Varieties of the color black

Shades of black, or off-black colors, are colors that differ only slightly from pure black. These colors have a low lightness. From a photometric point of view, a color which differs slightly from black always has low relative luminance. Colors often considered "shades of black" include onyx, black olive, charcoal, and jet.

These colors may be considered for part of a neutral color scheme, usually in interior design as a part of a background for brighter colors. Black and dark gray colors are powerful accent colors that suggest weight, dignity, formality, and solemnity.

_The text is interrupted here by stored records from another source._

lemma rogers_L_five_term:
  fixes x y :: real
  assumes x: "0 < x" "x < 1" and y: "0 < y" "y < 1"
  shows "rogers_L (x*y) = rogers_L x + rogers_L y
           - rogers_L (x*(1-y)/(1-x*y)) - rogers_L (y*(1-x)/(1-x*y))"
proof -
  have "(\<lambda>x. rogers_L x + rogers_L y - rogers_L (x*y)
           - rogers_L (x*(1-y)/(1-x*y)) - rogers_L (y*(1-x)/(1-x*y))) x = 0"
  proof (rule zero_derivative_tendsto_at_right_imp_zero[OF _ five_term_tendsto_at_right_0[OF y] x])
    fix x :: real assume x: "0 < x" "x < 1"
    have xy: "0 < x*y" "x*y < 1" using mult_strict_mono[of x 1 y 1] x y by simp_all
    then have d: "0 < 1 - x*y" by simp
    have X: "0 < x*(1-y)/(1-x*y)" "x*(1-y)/(1-x*y) < 1" using x y d by (auto simp: field_simps)
    have Y: "0 < y*(1-x)/(1-x*y)" "y*(1-x)/(1-x*y) < 1" using x y d by (auto simp: field_simps)
    have dX: "((\<lambda>x. x*(1-y)/(1-x*y)) has_real_derivative ((1-y)/(1-x*y)^2)) (at x)"
      using d by (auto intro!: derivative_eq_intros simp: field_simps power2_eq_square)
    have dY: "((\<lambda>x. y*(1-x)/(1-x*y)) has_real_derivative (-y*(1-y)/(1-x*y)^2)) (at x)"
      using d by (auto intro!: derivative_eq_intros simp: field_simps power2_eq_square)
    have dxy: "((\<lambda>x. x*y) has_real_derivative y) (at x)"
      by (auto intro!: derivative_eq_intros)
    note L' = has_real_derivative_rogers_L
    have "((\<lambda>x. rogers_L x + rogers_L y - rogers_L (x*y)
           - rogers_L (x*(1-y)/(1-x*y)) - rogers_L (y*(1-x)/(1-x*y))) has_real_derivative
        rogers_L_deriv x + 0 - rogers_L_deriv (x*y) * y
        - rogers_L_deriv (x*(1-y)/(1-x*y)) * ((1-y)/(1-x*y)^2)
        - rogers_L_deriv (y*(1-x)/(1-x*y)) * (-y*(1-y)/(1-x*y)^2)) (at x)"
      by (intro DERIV_diff DERIV_add L' DERIV_const x xy X Y
          DERIV_chain2[OF L' dxy] DERIV_chain2[OF L' dX] DERIV_chain2[OF L' dY])
    also have "rogers_L_deriv x + 0 - rogers_L_deriv (x*y) * y
        - rogers_L_deriv (x*(1-y)/(1-x*y)) * ((1-y)/(1-x*y)^2)
        - rogers_L_deriv (y*(1-x)/(1-x*y)) * (-y*(1-y)/(1-x*y)^2) = 0"
      using rogers_L_deriv_five_term[OF x y] by simp
    finally show "((\<lambda>x. rogers_L x + rogers_L y - rogers_L (x*y)
           - rogers_L (x*(1-y)/(1-x*y)) - rogers_L (y*(1-x)/(1-x*y))) has_real_derivative 0) (at x)" .
  qed
  then show ?thesis by simp
qed

lemma rogers_L_reflection:
  fixes x y :: real
  assumes "0 < x" "x < 1" "0 < y" "y < 1"
  shows "rogers_L x + rogers_L (1-x) = rogers_L y + rogers_L (1-y)"
proof -
  have "((\<lambda>x. rogers_L x + rogers_L (1-x)) has_real_derivative 0) (at x within {0<..<1})"
    if "x \<in> {0<..<1}" for x
  proof -
    from that have x: "0 < x" "x < 1" by simp_all
    have "((\<lambda>x. 1 - x) has_real_derivative -1) (at x)"
      by (auto intro!: derivative_eq_intros)
    then have "((\<lambda>x. rogers_L x + rogers_L (1-x)) has_real_derivative
        rogers_L_deriv x + rogers_L_deriv (1-x) * (-1)) (at x)"
      using x by (intro DERIV_add has_real_derivative_rogers_L
          DERIV_chain2[OF has_real_derivative_rogers_L]) auto
    also have "rogers_L_deriv x + rogers_L_deriv (1-x) * (-1) = 0"
      unfolding rogers_L_deriv_def by simp
    finally show ?thesis by (rule has_field_derivative_at_within)
  qed
  then obtain c where "\<forall>x\<in>{0<..<1}. rogers_L x + rogers_L (1-x) = c"
    using has_field_derivative_zero_constant[of "{0<..<1::real}" "\<lambda>x. rogers_L x + rogers_L (1-x)"]
    by auto
  then show ?thesis using assms by auto
qed

section \<open>The telescoping series\<close>

definition x_seq :: "real \<Rightarrow> nat \<Rightarrow> real" where
  "x_seq q m = q^m * (q - 1) / (q * (q^m - 1))"

definition y_seq :: "real \<Rightarrow> nat \<Rightarrow> real" where
  "y_seq q m = (q - 1) / (q^m - 1)"

definition t_seq :: "real \<Rightarrow> nat \<Rightarrow> real" where
  "t_seq q m = q^m * (q - 1)^2 / (q * (q^m - 1)^2)"

lemma rogers_L_t_seq_telescope:
  assumes q: "q > 1" and m: "m \<ge> 2"
  shows "rogers_L (t_seq q m) = (rogers_L (x_seq q m) + rogers_L (y_seq q m))
           - (rogers_L (x_seq q (Suc m)) + rogers_L (y_seq q (Suc m)))"
proof -
  define Q where "Q = q^m"
  have "q^1 < q^m" using q m by (intro power_strict_increasing) auto
  then have Qq: "Q > q" by (simp add: Q_def)
  then have Q1: "Q > 1" using q by simp
  have qQ: "q * Q > 1" using q Q1 less_1_mult by blast
  have x: "0 < x_seq q m" "x_seq q m < 1" and y: "0 < y_seq q m" "y_seq q m < 1"
    using q Qq Q1 unfolding x_seq_def y_seq_def Q_def[symmetric] by (auto simp: field_simps)
  define a1 a2 a3 where "a1 = Q - 1" and "a2 = q*Q - 1" and "a3 = Q - q"
  have nz: "q \<noteq> 0" "a1 \<noteq> 0" "a2 \<noteq> 0" "a3 \<noteq> 0"
    using q Q1 Qq qQ by (auto simp: a1_def a2_def a3_def)
  have X: "x_seq q m = Q*(q-1)/(q*a1)" and X': "x_seq q (Suc m) = Q*(q-1)/a2"
    unfolding x_seq_def Q_def a1_def a2_def using nz(1) by simp_all
  have Y: "y_seq q m = (q-1)/a1" and Y': "y_seq q (Suc m) = (q-1)/a2"
    unfolding y_seq_def Q_def a1_def a2_def by simp_all
  have oY: "1 - y_seq q m = a3/a1"
    unfolding Y using nz by (simp add: divide_simps) (simp add: a1_def a3_def)
  have oX: "1 - x_seq q m = a3/(q*a1)"
    unfolding X using nz by (simp add: divide_simps) (simp add: a1_def a3_def algebra_simps)
  have d: "1 - x_seq q m * y_seq q m = a3*a2/(q*a1^2)"
    unfolding X Y using nz
    by (simp add: divide_simps) (simp add: a1_def a2_def a3_def algebra_simps power2_eq_square)
  have "x_seq q m * y_seq q m = t_seq q m"
    unfolding X Y t_seq_def Q_def[symmetric] a1_def[symmetric] using nz
    by (simp add: field_simps power2_eq_square)
  moreover have "x_seq q m * (1 - y_seq q m) / (1 - x_seq q m * y_seq q m) = x_seq q (Suc m)"
    unfolding d oY X' unfolding X using nz by (simp add: field_simps power2_eq_square)
  moreover have "y_seq q m * (1 - x_seq q m) / (1 - x_seq q m * y_seq q m) = y_seq q (Suc m)"
    unfolding d oX Y' unfolding Y using nz by (simp add: field_simps power2_eq_square)
  ultimately show ?thesis
    using rogers_L_five_term[OF x y] by simp
qed

lemma x_seq_tendsto:
  assumes q: "q > 1"
  shows "x_seq q \<longlonglongrightarrow> (q - 1) / q"
proof -
  have "eventually (\<lambda>m. (q - 1) / (q * (1 - (1/q)^m)) = x_seq q m) sequentially"
  proof (rule eventually_mono[OF eventually_gt_at_top[of 0]])
    fix m :: nat assume "m > 0"
    then show "(q - 1) / (q * (1 - (1/q)^m)) = x_seq q m"
      using q one_less_power[OF q \<open>m > 0\<close>] by (simp add: x_seq_def field_simps power_one_over)
  qed
  moreover have "(\<lambda>m. (q - 1) / (q * (1 - (1/q)^m))) \<longlonglongrightarrow> (q - 1) / (q * (1 - 0))"
    using q by (intro tendsto_intros LIMSEQ_power_zero) auto
  ultimately show ?thesis
    using Lim_transform_eventually by fastforce
qed

lemma y_seq_tendsto:
  assumes q: "q > 1"
  shows "y_seq q \<longlonglongrightarrow> 0"
proof -
  have "eventually (\<lambda>m. (q - 1) * (1/q)^m / (1 - (1/q)^m) = y_seq q m) sequentially"
  proof (rule eventually_mono[OF eventually_gt_at_top[of 0]])
    fix m :: nat assume "m > 0"
    then have "q^m > 1" using q by (simp add: one_less_power)
    then show "(q - 1) * (1/q)^m / (1 - (1/q)^m) = y_seq q m"
      unfolding y_seq_def power_one_over using q by (simp add: divide_simps)
  qed
  moreover have "(\<lambda>m. (q - 1) * (1/q)^m / (1 - (1/q)^m)) \<longlonglongrightarrow> (q - 1) * 0 / (1 - 0)"
    using q by (intro tendsto_intros LIMSEQ_power_zero) auto
  ultimately show ?thesis
    using Lim_transform_eventually by fastforce
qed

In color theory, a shade is a pure color mixed with black. It decreases its lightness while nearly conserving its chromaticity. Strictly speaking, a "shade of black" is always a pure black itself, and a "tint of black" would be a neutral gray. In practice, many off-black colors possess a hue and a colorfulness (also called saturation).

==Black==

Black is a color, the perception of which is evoked by the total absence of light that stimulates any of the three types of color sensitive cone cells in the human eye and with very low brightness compared to the surroundings. A black visual stimulation will be void of hue and grayness. Black is the darkest possible color.

=== Technical black varieties ===
Surface treatments to reflect as little light as possible have been developed throughout history, usually based on carbon. Intensive research to approach the ideal black body (which would absorb all incident electromagnetic radiation) though has emerged mainly in the 21st century. Important technical blacks include carbon black, super black and Vantablack.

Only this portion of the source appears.